START MATERIAL SHOWN

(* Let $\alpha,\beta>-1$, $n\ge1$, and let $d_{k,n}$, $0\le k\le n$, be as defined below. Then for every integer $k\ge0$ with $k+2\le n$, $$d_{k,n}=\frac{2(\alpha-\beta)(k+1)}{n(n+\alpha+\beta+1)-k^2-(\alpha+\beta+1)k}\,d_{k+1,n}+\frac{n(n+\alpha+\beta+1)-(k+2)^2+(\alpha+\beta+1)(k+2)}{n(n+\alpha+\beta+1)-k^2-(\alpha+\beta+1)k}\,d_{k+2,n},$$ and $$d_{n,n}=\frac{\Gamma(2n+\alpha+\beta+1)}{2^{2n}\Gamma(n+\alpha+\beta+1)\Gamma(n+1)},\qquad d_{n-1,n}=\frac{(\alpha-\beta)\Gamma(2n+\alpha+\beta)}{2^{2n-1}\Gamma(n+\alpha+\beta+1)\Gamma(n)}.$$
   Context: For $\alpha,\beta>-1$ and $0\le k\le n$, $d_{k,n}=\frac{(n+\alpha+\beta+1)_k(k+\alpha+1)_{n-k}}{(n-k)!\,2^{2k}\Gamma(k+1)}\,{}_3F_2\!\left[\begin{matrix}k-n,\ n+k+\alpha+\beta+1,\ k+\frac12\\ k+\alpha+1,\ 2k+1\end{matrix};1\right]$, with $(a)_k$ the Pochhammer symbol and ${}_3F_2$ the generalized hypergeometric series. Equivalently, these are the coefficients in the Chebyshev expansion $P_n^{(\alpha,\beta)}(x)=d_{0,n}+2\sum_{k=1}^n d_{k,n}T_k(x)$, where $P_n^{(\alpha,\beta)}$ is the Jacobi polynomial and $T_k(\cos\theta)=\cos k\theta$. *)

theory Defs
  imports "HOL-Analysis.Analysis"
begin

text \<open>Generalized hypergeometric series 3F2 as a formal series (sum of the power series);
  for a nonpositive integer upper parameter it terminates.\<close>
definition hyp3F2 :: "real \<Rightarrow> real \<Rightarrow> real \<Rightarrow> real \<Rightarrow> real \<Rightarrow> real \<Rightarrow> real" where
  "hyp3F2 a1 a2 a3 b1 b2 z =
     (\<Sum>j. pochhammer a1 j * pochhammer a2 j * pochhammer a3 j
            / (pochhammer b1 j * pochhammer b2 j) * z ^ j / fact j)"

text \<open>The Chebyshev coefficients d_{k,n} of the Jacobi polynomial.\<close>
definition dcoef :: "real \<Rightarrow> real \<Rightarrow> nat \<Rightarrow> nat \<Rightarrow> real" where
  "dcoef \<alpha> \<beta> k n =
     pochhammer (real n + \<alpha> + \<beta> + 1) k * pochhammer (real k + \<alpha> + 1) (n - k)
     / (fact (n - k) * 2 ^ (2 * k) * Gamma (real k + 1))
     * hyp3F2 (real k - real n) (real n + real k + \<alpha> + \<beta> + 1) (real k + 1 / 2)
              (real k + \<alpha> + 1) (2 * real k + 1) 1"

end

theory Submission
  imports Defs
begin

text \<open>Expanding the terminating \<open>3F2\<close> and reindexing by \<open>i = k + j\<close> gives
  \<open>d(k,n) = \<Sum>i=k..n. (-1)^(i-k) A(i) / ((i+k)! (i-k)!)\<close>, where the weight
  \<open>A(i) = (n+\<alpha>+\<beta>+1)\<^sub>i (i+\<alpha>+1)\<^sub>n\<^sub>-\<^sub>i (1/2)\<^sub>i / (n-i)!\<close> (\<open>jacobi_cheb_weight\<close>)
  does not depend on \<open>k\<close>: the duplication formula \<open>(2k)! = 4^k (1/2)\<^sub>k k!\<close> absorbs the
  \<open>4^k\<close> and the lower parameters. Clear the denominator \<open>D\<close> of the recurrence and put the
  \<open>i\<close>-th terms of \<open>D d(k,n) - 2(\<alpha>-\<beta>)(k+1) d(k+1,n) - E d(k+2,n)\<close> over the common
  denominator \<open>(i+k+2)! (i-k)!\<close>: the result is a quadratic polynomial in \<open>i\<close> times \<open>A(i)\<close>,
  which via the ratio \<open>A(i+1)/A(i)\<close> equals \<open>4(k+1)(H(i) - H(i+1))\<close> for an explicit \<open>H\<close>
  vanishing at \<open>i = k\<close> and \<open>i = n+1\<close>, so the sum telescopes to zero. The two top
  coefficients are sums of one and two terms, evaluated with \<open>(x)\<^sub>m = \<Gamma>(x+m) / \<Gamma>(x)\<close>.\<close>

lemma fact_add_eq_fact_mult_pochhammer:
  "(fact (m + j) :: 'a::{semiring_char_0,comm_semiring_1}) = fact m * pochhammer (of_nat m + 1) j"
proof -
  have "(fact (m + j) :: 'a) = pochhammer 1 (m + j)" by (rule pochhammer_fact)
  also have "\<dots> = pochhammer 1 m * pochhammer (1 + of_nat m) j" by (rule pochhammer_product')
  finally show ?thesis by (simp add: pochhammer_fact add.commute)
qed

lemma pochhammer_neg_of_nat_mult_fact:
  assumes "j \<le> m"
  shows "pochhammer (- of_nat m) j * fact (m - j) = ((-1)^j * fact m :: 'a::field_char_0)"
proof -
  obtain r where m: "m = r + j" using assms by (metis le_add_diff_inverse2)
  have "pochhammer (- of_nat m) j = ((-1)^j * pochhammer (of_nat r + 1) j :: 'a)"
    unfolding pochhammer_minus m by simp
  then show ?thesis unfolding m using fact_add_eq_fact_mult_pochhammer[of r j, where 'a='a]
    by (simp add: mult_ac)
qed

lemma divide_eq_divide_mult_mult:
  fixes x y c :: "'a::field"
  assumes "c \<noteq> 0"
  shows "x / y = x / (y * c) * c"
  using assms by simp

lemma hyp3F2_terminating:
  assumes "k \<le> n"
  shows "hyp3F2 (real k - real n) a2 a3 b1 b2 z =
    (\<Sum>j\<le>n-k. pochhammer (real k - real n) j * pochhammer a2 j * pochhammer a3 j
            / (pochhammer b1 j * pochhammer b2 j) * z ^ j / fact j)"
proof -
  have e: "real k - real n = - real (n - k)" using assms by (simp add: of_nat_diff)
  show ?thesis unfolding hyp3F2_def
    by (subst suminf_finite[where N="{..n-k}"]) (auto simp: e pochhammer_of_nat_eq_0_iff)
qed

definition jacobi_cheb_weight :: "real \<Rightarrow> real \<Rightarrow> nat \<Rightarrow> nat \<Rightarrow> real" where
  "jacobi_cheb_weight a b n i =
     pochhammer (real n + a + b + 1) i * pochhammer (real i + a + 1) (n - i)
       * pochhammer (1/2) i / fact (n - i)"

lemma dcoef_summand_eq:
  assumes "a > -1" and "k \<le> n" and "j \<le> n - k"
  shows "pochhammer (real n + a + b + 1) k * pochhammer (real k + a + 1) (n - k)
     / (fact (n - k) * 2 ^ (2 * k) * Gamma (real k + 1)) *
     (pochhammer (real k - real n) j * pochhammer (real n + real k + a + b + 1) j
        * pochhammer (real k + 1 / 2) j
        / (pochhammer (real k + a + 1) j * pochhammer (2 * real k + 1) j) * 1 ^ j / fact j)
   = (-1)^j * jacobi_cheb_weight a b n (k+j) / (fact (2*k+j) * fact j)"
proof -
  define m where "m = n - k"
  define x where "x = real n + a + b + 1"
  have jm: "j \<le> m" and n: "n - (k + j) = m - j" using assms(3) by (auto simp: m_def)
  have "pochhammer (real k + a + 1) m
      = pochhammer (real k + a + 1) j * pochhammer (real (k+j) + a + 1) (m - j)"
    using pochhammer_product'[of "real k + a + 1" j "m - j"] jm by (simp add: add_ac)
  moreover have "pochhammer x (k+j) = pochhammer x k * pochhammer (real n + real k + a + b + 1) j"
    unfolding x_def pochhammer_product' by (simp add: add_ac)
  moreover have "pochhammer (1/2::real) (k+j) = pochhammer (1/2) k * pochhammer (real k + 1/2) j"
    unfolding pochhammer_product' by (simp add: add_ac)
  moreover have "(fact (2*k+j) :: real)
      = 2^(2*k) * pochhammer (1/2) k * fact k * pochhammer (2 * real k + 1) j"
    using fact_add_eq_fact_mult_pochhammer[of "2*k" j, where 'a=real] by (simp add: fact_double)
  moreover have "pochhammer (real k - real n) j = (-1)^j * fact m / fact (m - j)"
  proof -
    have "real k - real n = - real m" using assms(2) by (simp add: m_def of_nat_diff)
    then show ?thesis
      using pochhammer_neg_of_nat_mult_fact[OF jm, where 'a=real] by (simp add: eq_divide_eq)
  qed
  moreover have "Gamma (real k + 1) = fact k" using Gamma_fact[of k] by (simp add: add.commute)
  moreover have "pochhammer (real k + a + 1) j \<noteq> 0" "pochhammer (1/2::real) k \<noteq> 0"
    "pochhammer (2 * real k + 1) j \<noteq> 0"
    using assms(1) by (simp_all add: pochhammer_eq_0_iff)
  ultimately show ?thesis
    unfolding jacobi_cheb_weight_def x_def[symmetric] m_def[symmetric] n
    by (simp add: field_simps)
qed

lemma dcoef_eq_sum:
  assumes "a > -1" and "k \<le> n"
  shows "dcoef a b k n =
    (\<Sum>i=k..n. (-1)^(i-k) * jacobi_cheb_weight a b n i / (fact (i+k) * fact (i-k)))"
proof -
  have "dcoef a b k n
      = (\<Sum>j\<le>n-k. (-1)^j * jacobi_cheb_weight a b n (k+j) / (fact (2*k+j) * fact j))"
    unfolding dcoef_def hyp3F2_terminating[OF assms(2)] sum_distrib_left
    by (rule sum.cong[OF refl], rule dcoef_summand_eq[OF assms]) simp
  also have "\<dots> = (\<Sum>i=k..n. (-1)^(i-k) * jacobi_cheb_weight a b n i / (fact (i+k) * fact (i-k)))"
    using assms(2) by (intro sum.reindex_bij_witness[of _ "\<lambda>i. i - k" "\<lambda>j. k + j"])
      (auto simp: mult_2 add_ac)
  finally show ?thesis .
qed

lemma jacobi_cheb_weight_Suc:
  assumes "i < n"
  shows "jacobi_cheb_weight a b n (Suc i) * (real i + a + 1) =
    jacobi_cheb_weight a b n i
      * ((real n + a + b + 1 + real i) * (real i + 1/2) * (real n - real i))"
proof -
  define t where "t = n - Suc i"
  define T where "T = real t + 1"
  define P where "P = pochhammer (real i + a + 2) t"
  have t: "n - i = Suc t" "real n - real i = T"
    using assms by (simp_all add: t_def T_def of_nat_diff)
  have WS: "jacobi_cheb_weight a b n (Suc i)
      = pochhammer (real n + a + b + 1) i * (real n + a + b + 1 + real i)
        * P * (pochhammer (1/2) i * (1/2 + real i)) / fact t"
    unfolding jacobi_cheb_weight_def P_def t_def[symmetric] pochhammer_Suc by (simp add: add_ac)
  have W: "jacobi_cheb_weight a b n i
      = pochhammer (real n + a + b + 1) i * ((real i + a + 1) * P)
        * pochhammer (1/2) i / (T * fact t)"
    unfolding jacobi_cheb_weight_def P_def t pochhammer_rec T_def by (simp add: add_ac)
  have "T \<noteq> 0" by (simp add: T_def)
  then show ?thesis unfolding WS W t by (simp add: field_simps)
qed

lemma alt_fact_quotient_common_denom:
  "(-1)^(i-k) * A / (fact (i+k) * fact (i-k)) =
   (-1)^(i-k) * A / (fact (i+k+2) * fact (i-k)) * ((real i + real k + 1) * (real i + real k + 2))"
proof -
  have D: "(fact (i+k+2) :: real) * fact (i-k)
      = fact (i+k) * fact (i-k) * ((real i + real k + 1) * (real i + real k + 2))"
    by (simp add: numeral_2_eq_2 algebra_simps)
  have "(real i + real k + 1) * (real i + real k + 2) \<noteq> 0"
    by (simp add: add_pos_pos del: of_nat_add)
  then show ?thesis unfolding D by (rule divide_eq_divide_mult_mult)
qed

END MATERIAL SHOWN
START MATERIAL SHOWN

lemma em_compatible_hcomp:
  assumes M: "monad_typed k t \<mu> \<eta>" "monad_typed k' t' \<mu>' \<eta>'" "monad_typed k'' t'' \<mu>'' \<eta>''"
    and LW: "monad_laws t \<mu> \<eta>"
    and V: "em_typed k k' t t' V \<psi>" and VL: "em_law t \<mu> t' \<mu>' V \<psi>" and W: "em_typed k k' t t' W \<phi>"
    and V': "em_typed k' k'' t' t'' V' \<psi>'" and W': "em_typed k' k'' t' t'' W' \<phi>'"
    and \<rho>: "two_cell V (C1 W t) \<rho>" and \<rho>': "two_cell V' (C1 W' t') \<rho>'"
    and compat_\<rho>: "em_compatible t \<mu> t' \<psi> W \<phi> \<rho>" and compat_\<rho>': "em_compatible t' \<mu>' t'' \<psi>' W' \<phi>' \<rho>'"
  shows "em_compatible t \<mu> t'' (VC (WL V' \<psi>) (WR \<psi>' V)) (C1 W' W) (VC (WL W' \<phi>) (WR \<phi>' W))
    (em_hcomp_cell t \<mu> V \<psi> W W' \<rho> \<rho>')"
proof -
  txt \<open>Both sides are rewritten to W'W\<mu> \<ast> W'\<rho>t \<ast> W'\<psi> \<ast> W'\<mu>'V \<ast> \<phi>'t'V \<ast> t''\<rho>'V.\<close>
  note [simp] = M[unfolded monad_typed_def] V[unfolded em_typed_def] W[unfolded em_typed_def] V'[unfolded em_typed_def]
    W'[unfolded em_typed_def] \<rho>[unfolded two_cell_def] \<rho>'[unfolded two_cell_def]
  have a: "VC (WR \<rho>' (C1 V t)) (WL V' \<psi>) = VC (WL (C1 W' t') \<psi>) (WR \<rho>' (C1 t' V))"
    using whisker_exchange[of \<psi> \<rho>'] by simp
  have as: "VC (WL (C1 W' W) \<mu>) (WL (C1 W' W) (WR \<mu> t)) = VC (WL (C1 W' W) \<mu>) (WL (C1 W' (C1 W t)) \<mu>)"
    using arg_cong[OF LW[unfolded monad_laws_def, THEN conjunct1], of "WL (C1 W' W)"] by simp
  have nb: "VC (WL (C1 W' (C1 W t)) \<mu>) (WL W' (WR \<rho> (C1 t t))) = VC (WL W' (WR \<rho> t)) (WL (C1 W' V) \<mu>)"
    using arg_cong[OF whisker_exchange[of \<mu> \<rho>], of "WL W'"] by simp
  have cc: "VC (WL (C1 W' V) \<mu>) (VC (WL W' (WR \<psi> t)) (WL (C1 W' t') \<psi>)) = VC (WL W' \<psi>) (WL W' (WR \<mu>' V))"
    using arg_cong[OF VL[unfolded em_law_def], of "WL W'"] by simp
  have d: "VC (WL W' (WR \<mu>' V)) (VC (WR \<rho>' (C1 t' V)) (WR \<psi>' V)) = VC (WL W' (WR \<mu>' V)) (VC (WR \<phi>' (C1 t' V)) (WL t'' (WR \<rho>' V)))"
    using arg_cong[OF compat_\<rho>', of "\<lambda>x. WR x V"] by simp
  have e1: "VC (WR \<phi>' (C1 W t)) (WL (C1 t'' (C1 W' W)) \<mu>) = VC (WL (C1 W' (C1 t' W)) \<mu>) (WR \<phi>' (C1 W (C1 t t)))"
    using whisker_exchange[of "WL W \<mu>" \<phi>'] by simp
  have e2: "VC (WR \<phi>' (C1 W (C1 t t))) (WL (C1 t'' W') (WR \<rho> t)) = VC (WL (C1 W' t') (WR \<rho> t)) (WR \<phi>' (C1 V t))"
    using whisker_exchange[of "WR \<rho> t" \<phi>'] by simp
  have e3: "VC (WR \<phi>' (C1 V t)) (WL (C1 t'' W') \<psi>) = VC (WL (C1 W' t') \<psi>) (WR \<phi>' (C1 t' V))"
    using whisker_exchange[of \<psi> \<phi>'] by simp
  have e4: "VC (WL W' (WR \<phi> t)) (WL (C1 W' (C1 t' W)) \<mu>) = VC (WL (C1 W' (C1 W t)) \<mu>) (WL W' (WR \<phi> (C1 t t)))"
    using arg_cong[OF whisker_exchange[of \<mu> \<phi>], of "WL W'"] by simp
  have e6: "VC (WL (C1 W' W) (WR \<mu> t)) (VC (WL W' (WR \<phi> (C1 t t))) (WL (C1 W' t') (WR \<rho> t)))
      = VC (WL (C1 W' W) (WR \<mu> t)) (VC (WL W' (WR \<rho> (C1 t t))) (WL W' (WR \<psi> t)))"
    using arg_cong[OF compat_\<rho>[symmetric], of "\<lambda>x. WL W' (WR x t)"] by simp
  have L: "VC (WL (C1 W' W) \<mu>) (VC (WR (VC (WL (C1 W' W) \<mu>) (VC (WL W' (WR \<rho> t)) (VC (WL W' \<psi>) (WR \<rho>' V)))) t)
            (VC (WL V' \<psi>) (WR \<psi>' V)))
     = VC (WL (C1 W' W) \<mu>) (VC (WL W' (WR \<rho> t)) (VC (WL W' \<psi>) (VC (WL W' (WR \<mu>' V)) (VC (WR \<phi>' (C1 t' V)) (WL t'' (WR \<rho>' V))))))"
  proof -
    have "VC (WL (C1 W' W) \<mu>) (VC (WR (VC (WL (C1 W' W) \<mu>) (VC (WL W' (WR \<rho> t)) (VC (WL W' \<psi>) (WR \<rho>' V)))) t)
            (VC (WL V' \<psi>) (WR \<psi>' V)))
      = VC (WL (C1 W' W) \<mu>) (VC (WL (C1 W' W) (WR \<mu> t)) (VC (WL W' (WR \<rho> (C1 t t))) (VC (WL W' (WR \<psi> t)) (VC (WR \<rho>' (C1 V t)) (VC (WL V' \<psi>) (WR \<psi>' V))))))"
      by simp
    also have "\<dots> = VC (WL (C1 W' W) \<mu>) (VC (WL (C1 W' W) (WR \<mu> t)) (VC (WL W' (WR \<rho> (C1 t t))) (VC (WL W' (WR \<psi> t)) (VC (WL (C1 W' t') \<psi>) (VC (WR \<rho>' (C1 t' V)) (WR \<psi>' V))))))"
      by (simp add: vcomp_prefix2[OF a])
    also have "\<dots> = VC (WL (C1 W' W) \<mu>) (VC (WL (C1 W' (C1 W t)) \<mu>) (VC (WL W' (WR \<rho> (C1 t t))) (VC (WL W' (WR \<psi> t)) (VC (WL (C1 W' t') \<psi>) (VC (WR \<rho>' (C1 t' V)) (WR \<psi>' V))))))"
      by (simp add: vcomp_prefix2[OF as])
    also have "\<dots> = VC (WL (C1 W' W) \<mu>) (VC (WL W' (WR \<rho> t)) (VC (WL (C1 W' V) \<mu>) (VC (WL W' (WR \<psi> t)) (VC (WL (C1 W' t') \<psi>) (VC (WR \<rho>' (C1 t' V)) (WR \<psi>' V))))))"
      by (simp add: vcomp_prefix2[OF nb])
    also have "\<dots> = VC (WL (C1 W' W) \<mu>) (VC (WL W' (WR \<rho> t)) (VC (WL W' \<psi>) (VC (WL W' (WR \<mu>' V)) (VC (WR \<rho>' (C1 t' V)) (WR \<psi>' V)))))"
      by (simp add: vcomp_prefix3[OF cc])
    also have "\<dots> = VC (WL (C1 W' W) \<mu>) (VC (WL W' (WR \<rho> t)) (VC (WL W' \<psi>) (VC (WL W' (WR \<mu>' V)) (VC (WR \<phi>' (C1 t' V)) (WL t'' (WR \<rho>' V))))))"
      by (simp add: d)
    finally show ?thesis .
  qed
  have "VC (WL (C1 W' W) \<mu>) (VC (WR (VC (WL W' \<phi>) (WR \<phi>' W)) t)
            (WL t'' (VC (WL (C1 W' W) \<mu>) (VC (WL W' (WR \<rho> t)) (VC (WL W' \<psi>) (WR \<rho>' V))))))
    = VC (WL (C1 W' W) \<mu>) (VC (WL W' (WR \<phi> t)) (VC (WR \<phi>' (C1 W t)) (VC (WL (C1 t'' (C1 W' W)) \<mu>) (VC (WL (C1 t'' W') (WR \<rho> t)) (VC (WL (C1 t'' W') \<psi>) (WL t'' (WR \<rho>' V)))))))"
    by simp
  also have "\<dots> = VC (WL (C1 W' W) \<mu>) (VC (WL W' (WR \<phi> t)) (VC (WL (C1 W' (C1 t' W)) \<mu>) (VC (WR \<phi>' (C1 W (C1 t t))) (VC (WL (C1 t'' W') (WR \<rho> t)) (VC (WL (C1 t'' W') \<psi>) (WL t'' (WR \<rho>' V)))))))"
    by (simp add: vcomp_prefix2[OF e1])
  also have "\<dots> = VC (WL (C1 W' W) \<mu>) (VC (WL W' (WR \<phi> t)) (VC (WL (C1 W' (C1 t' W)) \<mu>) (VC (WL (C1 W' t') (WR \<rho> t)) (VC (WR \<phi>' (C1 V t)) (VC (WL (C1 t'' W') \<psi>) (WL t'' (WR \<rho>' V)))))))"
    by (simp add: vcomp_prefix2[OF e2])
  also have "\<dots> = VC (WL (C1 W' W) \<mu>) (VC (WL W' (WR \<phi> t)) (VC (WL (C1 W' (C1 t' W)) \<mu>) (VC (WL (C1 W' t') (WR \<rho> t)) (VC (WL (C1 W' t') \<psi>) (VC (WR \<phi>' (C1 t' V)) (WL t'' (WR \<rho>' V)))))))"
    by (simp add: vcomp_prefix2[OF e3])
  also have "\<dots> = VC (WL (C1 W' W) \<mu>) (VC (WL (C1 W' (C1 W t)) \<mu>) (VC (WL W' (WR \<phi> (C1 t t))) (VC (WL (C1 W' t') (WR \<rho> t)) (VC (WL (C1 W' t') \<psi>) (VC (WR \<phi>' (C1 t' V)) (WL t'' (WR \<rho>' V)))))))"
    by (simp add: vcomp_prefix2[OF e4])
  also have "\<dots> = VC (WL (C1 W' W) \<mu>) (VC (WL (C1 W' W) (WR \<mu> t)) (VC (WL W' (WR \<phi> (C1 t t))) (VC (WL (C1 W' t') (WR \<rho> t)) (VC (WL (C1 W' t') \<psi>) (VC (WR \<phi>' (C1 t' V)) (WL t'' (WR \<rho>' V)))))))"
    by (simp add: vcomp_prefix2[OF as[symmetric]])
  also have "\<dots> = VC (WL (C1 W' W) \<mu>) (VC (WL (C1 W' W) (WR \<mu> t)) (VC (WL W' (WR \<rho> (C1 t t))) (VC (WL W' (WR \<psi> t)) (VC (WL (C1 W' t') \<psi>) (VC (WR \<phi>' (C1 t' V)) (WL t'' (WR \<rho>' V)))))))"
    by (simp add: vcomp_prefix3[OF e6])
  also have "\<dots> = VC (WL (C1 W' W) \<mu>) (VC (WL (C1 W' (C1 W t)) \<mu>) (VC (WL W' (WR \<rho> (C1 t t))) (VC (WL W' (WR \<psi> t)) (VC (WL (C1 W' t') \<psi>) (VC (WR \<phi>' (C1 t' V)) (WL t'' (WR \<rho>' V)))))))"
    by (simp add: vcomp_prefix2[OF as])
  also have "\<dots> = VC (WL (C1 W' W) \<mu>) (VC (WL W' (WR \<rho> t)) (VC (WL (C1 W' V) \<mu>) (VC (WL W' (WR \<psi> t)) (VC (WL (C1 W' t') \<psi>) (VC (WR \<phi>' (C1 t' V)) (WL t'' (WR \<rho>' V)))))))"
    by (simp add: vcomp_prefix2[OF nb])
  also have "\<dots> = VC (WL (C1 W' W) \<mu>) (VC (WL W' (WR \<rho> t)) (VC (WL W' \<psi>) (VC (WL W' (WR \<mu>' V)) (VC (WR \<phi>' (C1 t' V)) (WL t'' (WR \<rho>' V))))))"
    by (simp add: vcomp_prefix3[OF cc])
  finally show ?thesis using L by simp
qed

END MATERIAL SHOWN

> _ACTIVITY_: Wherever the word "imports" appears in a line of the data, copy that line.

> _SOLUTION_:
  imports "HOL-Analysis.Analysis"
  imports Defs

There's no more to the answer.